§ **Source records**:
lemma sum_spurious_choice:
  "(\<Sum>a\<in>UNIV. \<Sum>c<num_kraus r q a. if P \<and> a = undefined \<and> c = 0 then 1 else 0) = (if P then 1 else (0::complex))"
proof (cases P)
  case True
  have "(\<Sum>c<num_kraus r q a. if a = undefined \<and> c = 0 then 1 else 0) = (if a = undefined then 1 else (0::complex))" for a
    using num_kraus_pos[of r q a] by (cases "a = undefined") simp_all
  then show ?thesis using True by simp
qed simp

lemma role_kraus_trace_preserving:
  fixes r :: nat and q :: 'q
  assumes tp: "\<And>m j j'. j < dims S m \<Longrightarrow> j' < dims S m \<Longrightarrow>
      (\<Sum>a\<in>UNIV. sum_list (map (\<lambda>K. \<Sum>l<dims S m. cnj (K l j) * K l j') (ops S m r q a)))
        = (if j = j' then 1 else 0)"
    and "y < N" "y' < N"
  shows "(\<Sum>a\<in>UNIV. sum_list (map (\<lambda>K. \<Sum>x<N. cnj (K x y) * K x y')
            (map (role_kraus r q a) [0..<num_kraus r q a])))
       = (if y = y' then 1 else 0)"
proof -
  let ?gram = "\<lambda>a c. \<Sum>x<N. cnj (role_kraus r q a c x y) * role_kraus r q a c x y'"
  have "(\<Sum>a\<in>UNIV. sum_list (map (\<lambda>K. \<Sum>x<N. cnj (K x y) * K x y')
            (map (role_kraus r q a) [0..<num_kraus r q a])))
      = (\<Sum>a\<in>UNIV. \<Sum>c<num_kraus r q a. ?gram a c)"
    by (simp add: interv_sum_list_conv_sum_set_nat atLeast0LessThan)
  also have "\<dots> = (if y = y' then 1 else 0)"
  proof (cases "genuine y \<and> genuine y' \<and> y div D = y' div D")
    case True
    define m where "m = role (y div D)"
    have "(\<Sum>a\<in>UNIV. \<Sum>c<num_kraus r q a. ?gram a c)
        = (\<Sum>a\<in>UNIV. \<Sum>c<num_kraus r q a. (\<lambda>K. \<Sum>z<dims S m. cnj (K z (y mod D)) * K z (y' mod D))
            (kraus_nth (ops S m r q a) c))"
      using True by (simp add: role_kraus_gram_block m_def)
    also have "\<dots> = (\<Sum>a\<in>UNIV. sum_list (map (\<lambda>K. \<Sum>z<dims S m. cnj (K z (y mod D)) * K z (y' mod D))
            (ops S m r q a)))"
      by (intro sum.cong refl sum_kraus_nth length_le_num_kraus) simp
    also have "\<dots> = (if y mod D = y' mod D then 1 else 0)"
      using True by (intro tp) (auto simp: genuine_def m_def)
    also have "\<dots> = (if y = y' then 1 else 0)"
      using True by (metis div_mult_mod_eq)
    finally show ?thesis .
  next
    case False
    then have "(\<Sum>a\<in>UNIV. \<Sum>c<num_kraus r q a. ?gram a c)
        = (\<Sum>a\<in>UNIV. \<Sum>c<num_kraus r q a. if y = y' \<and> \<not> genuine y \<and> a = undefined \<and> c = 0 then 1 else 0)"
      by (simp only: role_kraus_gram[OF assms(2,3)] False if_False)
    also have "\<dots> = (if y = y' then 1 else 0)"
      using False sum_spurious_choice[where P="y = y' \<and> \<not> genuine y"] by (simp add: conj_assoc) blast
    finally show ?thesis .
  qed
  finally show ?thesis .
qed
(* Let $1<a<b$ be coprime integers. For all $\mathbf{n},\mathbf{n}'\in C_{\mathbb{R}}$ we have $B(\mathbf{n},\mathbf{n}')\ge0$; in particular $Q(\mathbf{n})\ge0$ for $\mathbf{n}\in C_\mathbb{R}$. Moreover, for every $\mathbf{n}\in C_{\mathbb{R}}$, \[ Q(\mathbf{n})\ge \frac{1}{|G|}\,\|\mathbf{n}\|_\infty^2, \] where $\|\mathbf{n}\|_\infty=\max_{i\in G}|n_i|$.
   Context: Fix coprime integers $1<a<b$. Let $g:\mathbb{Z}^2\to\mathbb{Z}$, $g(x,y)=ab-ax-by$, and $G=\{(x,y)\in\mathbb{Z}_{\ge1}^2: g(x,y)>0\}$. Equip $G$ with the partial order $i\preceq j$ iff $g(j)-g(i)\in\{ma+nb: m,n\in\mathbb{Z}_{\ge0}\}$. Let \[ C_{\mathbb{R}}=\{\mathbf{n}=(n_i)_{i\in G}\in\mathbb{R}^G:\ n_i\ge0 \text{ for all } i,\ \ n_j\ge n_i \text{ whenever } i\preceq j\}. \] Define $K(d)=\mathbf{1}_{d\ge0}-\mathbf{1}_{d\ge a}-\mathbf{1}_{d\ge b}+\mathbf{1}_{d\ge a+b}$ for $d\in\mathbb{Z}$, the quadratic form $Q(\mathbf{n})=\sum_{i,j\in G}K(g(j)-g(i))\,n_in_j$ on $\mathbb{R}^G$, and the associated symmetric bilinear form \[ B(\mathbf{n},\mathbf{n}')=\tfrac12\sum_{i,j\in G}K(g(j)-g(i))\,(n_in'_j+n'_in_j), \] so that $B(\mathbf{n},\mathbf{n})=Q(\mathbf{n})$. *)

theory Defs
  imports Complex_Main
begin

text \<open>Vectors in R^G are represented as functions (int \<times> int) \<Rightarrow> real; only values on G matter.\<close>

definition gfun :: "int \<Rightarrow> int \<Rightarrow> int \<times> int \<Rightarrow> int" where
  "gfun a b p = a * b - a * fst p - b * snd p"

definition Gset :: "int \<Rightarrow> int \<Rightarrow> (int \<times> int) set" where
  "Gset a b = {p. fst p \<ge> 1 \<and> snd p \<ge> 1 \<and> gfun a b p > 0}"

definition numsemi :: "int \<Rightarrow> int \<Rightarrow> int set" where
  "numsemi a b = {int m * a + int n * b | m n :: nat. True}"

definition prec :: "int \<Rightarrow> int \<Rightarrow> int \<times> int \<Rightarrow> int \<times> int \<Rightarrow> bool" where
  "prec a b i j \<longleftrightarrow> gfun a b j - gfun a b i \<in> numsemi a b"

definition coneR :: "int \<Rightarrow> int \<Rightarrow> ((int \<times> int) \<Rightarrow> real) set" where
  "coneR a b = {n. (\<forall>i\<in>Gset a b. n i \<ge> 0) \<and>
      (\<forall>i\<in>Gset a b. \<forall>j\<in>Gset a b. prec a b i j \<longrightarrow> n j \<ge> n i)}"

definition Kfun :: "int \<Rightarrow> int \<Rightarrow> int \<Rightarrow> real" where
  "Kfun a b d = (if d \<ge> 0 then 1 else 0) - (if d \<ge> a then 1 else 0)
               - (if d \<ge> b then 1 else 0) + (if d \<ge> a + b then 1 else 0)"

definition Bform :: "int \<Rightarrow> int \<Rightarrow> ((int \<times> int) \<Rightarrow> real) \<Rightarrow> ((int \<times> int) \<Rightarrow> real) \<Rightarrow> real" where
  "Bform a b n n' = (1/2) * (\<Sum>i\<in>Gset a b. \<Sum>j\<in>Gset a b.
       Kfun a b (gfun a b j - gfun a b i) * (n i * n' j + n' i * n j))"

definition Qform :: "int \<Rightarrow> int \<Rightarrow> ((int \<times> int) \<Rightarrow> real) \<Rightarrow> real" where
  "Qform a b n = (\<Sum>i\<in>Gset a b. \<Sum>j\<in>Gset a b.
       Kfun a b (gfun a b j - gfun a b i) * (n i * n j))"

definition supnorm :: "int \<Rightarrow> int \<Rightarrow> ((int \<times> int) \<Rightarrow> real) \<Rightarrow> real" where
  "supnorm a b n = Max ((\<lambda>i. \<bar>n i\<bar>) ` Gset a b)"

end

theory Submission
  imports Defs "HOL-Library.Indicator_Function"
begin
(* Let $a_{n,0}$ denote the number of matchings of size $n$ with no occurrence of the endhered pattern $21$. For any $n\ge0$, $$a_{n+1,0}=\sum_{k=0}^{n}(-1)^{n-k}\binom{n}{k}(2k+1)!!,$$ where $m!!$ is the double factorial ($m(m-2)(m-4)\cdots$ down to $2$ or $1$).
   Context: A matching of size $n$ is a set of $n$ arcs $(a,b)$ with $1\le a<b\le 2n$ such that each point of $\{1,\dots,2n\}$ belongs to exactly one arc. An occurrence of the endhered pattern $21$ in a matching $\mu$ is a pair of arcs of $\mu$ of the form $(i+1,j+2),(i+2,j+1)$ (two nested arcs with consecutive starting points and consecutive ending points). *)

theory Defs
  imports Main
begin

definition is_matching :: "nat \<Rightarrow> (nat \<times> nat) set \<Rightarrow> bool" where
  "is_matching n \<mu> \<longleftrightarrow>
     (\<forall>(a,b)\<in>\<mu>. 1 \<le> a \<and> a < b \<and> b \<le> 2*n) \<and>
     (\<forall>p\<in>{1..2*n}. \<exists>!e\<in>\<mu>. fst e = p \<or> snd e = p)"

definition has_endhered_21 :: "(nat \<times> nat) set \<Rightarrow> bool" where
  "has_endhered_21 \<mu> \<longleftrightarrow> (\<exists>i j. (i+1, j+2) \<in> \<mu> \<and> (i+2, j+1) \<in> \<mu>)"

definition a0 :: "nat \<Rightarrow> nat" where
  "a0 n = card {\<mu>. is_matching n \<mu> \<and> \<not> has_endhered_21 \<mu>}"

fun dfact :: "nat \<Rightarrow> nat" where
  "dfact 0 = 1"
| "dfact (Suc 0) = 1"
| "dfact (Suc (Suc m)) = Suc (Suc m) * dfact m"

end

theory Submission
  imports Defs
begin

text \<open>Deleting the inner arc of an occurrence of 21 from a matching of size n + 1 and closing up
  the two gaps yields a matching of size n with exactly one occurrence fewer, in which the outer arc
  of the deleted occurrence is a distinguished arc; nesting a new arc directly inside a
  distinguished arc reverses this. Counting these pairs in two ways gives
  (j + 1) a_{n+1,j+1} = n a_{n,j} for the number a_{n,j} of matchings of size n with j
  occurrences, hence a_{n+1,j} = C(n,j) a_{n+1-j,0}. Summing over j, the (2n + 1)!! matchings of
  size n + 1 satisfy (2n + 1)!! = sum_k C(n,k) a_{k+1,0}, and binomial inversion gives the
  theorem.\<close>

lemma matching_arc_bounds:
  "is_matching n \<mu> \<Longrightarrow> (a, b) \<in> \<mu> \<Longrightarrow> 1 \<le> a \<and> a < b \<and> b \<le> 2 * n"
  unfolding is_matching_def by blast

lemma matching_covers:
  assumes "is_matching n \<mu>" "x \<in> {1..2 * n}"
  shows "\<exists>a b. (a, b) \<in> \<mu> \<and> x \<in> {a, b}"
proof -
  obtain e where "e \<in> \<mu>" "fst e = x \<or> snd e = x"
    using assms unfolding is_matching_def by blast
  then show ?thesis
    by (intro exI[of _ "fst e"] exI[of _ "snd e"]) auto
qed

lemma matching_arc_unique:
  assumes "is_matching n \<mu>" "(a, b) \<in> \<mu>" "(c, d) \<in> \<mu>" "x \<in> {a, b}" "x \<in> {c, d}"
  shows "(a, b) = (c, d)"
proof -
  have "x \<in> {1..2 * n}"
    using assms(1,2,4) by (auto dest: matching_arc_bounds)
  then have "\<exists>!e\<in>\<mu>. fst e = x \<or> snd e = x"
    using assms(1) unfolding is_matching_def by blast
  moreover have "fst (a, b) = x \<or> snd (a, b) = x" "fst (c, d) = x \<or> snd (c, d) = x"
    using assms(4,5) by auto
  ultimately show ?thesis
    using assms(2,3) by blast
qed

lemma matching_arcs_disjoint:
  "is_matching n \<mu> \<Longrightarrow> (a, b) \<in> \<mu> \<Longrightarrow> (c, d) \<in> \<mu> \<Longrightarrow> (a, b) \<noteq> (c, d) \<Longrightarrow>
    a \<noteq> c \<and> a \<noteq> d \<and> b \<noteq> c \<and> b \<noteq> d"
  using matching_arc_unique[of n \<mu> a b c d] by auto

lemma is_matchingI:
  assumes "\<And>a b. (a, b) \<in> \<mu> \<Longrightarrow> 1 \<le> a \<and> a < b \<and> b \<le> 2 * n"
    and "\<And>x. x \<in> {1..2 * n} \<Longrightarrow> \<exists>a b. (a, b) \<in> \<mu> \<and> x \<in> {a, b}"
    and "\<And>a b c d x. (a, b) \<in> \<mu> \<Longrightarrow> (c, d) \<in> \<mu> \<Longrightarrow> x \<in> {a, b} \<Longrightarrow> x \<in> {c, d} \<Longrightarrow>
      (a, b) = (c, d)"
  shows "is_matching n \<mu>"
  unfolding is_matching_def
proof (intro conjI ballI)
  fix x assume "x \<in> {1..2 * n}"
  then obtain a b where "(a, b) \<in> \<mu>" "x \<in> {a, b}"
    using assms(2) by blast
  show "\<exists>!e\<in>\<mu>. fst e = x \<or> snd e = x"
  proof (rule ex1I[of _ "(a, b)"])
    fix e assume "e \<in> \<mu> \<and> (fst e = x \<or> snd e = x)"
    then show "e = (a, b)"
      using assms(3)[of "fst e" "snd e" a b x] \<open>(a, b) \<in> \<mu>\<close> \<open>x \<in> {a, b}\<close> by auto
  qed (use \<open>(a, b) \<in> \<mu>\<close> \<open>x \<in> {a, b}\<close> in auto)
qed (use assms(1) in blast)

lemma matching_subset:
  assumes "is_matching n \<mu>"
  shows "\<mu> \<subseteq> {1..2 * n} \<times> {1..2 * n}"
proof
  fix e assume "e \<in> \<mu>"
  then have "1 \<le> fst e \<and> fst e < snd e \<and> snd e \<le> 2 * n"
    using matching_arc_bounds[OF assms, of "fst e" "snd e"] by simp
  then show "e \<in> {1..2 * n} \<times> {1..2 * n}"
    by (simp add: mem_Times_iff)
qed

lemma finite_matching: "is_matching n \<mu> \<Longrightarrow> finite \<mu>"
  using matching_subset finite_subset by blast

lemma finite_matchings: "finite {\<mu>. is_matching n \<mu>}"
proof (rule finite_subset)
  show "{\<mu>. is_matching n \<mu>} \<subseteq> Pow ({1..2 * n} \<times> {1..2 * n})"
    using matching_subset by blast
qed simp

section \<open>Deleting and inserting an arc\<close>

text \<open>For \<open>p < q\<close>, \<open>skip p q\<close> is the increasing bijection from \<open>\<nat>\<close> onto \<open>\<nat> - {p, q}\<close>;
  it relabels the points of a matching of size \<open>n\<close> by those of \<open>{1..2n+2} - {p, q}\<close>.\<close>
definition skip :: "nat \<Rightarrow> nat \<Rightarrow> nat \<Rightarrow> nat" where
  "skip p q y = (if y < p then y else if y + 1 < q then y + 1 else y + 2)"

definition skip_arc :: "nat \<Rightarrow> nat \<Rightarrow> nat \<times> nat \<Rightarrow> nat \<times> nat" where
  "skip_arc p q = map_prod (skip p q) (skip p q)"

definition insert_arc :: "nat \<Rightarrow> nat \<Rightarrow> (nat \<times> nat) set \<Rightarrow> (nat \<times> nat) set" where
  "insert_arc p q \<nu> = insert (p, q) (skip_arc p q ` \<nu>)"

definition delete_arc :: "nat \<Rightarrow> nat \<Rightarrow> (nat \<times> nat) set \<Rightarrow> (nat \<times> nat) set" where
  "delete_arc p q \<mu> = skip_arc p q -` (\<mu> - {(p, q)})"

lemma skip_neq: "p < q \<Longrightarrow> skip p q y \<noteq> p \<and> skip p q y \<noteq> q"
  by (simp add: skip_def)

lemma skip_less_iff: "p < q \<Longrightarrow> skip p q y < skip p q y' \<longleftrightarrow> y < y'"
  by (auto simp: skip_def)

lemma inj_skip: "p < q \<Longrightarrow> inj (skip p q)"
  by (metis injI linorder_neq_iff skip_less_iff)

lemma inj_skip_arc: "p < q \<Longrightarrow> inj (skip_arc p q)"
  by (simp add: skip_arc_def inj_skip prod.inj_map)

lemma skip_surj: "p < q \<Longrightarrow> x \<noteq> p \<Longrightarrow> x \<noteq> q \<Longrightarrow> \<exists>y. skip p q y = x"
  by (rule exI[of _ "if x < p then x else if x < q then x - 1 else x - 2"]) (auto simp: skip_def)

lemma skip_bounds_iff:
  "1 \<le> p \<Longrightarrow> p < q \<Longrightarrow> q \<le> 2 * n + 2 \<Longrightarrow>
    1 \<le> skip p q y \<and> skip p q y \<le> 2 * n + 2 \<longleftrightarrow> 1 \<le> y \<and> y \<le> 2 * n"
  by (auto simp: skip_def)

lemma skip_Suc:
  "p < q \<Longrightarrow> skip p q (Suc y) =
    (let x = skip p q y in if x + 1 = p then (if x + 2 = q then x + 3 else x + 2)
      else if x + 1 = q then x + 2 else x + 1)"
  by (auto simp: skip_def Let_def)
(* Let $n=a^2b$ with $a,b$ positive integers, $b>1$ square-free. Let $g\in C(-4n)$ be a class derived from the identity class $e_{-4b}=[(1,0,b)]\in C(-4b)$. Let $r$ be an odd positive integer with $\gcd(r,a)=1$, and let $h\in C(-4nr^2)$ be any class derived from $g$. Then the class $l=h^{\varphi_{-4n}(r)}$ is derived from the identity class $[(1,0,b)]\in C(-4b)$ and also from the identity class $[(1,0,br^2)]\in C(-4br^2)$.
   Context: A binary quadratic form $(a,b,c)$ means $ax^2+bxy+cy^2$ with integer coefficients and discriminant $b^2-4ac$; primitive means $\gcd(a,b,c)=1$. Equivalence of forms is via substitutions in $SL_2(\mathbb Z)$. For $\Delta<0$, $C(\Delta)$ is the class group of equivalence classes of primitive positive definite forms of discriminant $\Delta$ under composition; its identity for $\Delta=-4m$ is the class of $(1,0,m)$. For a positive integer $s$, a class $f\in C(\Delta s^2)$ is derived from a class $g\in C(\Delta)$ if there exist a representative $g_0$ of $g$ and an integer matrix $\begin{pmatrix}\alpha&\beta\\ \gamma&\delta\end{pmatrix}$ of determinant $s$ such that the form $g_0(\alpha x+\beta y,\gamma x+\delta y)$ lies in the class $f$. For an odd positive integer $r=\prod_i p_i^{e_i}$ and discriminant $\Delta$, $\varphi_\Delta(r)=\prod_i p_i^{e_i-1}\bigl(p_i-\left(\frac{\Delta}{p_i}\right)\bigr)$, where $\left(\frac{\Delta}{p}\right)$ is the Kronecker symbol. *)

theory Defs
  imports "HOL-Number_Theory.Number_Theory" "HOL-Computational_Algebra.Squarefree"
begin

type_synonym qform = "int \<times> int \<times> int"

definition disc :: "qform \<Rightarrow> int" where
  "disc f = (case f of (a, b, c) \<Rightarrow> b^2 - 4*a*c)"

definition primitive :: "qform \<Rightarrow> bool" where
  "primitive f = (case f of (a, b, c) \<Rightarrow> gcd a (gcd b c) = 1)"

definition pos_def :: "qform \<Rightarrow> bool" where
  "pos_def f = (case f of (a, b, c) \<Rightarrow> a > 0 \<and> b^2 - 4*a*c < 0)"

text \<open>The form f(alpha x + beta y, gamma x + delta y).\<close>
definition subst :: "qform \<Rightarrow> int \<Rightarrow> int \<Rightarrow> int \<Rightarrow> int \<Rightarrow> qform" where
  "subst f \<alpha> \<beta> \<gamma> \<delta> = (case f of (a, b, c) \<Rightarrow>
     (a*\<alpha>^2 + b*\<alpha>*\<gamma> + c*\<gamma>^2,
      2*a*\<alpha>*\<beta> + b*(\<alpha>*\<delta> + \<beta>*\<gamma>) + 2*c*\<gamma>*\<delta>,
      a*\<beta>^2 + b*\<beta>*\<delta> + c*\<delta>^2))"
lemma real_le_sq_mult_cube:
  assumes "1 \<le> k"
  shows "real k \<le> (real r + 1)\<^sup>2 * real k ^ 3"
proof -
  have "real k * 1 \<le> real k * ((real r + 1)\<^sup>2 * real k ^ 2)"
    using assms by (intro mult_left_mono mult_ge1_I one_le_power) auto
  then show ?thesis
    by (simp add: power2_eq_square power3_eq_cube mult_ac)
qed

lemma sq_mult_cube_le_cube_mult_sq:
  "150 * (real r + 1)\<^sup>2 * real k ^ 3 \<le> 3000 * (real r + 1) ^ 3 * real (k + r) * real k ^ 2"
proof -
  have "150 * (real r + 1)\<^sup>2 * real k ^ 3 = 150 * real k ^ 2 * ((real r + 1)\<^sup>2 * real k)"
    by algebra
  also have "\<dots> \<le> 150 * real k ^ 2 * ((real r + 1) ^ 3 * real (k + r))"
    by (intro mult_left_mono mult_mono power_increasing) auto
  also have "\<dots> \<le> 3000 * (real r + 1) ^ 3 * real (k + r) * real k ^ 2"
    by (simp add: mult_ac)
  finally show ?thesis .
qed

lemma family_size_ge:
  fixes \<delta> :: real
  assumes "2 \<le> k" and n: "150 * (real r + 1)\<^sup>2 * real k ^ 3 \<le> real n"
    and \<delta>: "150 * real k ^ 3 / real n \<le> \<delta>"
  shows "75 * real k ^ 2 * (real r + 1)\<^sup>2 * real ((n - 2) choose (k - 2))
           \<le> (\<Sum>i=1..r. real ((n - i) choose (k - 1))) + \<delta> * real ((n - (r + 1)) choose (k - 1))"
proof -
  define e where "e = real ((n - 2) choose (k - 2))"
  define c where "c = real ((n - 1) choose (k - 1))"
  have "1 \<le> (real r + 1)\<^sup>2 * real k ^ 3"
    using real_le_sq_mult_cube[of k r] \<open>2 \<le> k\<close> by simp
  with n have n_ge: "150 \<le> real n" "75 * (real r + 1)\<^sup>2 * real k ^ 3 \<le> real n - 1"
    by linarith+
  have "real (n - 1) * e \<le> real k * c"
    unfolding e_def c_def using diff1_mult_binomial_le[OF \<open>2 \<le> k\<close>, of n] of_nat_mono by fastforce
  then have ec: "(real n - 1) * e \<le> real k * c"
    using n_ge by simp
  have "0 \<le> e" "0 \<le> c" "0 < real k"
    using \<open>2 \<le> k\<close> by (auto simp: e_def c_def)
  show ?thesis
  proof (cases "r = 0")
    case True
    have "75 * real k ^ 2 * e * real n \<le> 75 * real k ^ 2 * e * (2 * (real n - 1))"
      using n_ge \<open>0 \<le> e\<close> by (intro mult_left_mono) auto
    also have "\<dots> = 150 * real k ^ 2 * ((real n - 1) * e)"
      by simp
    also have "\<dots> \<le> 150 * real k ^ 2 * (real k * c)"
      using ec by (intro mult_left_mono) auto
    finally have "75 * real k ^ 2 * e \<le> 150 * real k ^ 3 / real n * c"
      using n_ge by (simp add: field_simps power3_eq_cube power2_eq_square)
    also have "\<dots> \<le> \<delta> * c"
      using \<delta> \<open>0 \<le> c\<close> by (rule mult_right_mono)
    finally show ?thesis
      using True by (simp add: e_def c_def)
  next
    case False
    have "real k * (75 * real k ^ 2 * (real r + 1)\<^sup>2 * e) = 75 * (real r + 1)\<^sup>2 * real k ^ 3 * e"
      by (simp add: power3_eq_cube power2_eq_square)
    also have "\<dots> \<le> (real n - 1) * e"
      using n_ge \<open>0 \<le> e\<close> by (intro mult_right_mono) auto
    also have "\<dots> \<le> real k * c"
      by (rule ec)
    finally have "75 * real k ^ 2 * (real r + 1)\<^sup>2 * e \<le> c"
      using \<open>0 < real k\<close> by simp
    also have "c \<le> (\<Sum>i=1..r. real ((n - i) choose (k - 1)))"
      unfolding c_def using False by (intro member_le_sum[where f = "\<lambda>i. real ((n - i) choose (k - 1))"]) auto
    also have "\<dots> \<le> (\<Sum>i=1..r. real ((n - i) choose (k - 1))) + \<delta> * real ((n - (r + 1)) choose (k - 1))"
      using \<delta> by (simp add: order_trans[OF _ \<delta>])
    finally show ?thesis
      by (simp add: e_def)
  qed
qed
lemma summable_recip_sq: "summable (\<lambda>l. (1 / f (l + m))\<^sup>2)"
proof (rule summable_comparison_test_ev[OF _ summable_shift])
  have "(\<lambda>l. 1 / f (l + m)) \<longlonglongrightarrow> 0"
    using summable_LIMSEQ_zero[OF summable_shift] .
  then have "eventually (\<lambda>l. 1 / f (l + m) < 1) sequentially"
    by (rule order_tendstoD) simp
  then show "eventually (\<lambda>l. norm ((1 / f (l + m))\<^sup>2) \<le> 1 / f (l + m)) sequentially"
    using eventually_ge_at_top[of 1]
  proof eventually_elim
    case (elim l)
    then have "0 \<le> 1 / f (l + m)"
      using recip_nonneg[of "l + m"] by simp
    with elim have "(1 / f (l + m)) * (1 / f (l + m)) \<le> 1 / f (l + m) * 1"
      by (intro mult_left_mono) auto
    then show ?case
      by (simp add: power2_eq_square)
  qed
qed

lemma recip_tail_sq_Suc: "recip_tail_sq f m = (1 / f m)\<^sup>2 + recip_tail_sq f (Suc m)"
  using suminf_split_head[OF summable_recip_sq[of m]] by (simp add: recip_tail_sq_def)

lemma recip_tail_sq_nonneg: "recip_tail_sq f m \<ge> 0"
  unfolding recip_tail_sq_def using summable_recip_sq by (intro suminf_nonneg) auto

§ **What you will do**:
Above are the records; repeat exactly the lines from the one holding "using n_ge by simp" down to the one holding "2 * ((real n", end lines included.

§ **Your response**:
    using n_ge by simp
  have "0 \<le> e" "0 \<le> c" "0 < real k"
    using \<open>2 \<le> k\<close> by (auto simp: e_def c_def)
  show ?thesis
  proof (cases "r = 0")
    case True
    have "75 * real k ^ 2 * e * real n \<le> 75 * real k ^ 2 * e * (2 * (real n - 1))"
      using n_ge \<open>0 \<le> e\<close> by (intro mult_left_mono) auto
    also have "\<dots> = 150 * real k ^ 2 * ((real n - 1) * e)"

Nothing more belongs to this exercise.